Our findings indicate that the DECA policy has made a positive contribution to the enhancement of air quality in both inland and underdeveloped coastal regions, aligning with previous research. However, this study uncovered heterogeneity in the policy’s effectiveness regarding air quality improvement, which is influenced by various geographical locations and developmental statuses of the cities. This variability indicates that the effectiveness of the policy is not universally applicable but rather influenced by local factors. In inland cities, the geographical position along the river emerged as the primary determinant of success. Conversely, in coastal cities, socioeconomic development indices served as key moderating factors, likely due to their stronger correlation with the scale of local shipping activity.
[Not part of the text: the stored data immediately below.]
(* Let $\mu>0$. There is $K=K(\mu)$ such that for every integer $k\ge K$ the following holds. There exist a $C^2$ function $f:\mathbb{R}\to\mathbb{R}$ with $f'(0)=0$ and numbers $C=C(\mu,k)\in(0,\tfrac25]$ and $t_0=t_0(\mu,k)$ with $t_0-C>0$, such that: (i) $u_1=\cos(kx)f(t)$ solves $\ddot u_1+\operatorname{div}\!\left[\begin{pmatrix}\frac{\mu}{2k^2}&0\\0&1+\frac{\mu}{4k^2}\end{pmatrix}\nabla u_1\right]=-\mu u_1$ for $t\le t_0-C$; (ii) with $u_2=\cos(kx)e^{-k(t-t_0)}$, which solves $\ddot u_2+\operatorname{div}\!\left[\begin{pmatrix}1+\frac{\mu}{k^2}&0\\0&1+\frac{\mu}{4k^2}\end{pmatrix}\nabla u_2\right]=-\mu u_2$, there is a transformation of $u_1$ into $u_2$ within $\mathbb{T}^2\times[t_0-C,t_0]$: a $C^2$ function $u$ and a $C^1$ real $2\times 2$ matrix function $A$ in the regularity class $R(5k^2/\mu,10)$ with $\ddot u+\operatorname{div}(A\nabla u)=-\mu u$ on $\mathbb{T}^2\times\mathbb{R}$, such that $u=u_1$ and $A=\begin{pmatrix}\frac{\mu}{2k^2}&0\\0&1+\frac{\mu}{4k^2}\end{pmatrix}$ for $t\le t_0-C$, and $u=u_2$, $A=\begin{pmatrix}1+\frac{\mu}{k^2}&0\\0&1+\frac{\mu}{4k^2}\end{pmatrix}$ for $t\ge t_0$.
   Context: $\mathbb{T}^2=(\mathbb{R}/2\pi\mathbb{Z})^2$ with coordinates $(x,y)$; $t$ the third coordinate. $\ddot u+\operatorname{div}(A\nabla u)$ means $\partial_t^2u+\sum_{i,j\in\{x,y\}}\partial_i(A_{ij}\partial_ju)$. Regularity class $R(\Lambda,C)$: $\Lambda^{-1}|\xi|^2\le\xi^TA\xi\le\Lambda|\xi|^2$ for all $\xi\in\mathbb{R}^2$ at every point, and the entries of $A$ are $C^1$ with all first partial derivatives in $x,y,t$ bounded by $C$ in absolute value. *)

theory Defs
  imports "HOL-Analysis.Analysis"
begin

text \<open>Points of T^2 x R are represented as triples (x,y,t) of reals; functions on
  T^2 x R are functions on R^3 that are 2pi-periodic in x and in y.\<close>

type_synonym pt = "real \<times> real \<times> real"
These findings underscore the multifaceted and complex impacts of ECA policies, highlighting the necessity for a comprehensive assessment of ECA effectiveness. This study addresses the gap in evaluating China’s initiatives to regulate ship emissions by examining the implementation of ECA policy in both inland and underdeveloped coastal cities. It offers valuable insights for future comprehensive evaluations of the environmental benefits associated with ECA policies and serves as a reference for other countries seeking to develop similar policies within the region. More importantly, this study provides an important evidence base for designing sustainable maritime policies that both safeguard public health and promote economic development, thereby contributing to the sustainable development goals. The conclusions presented above are derived from macroeconomic low-frequency data. However, the dynamic interactions on shorter time scales require further validation through the application of higher-frequency data in future research.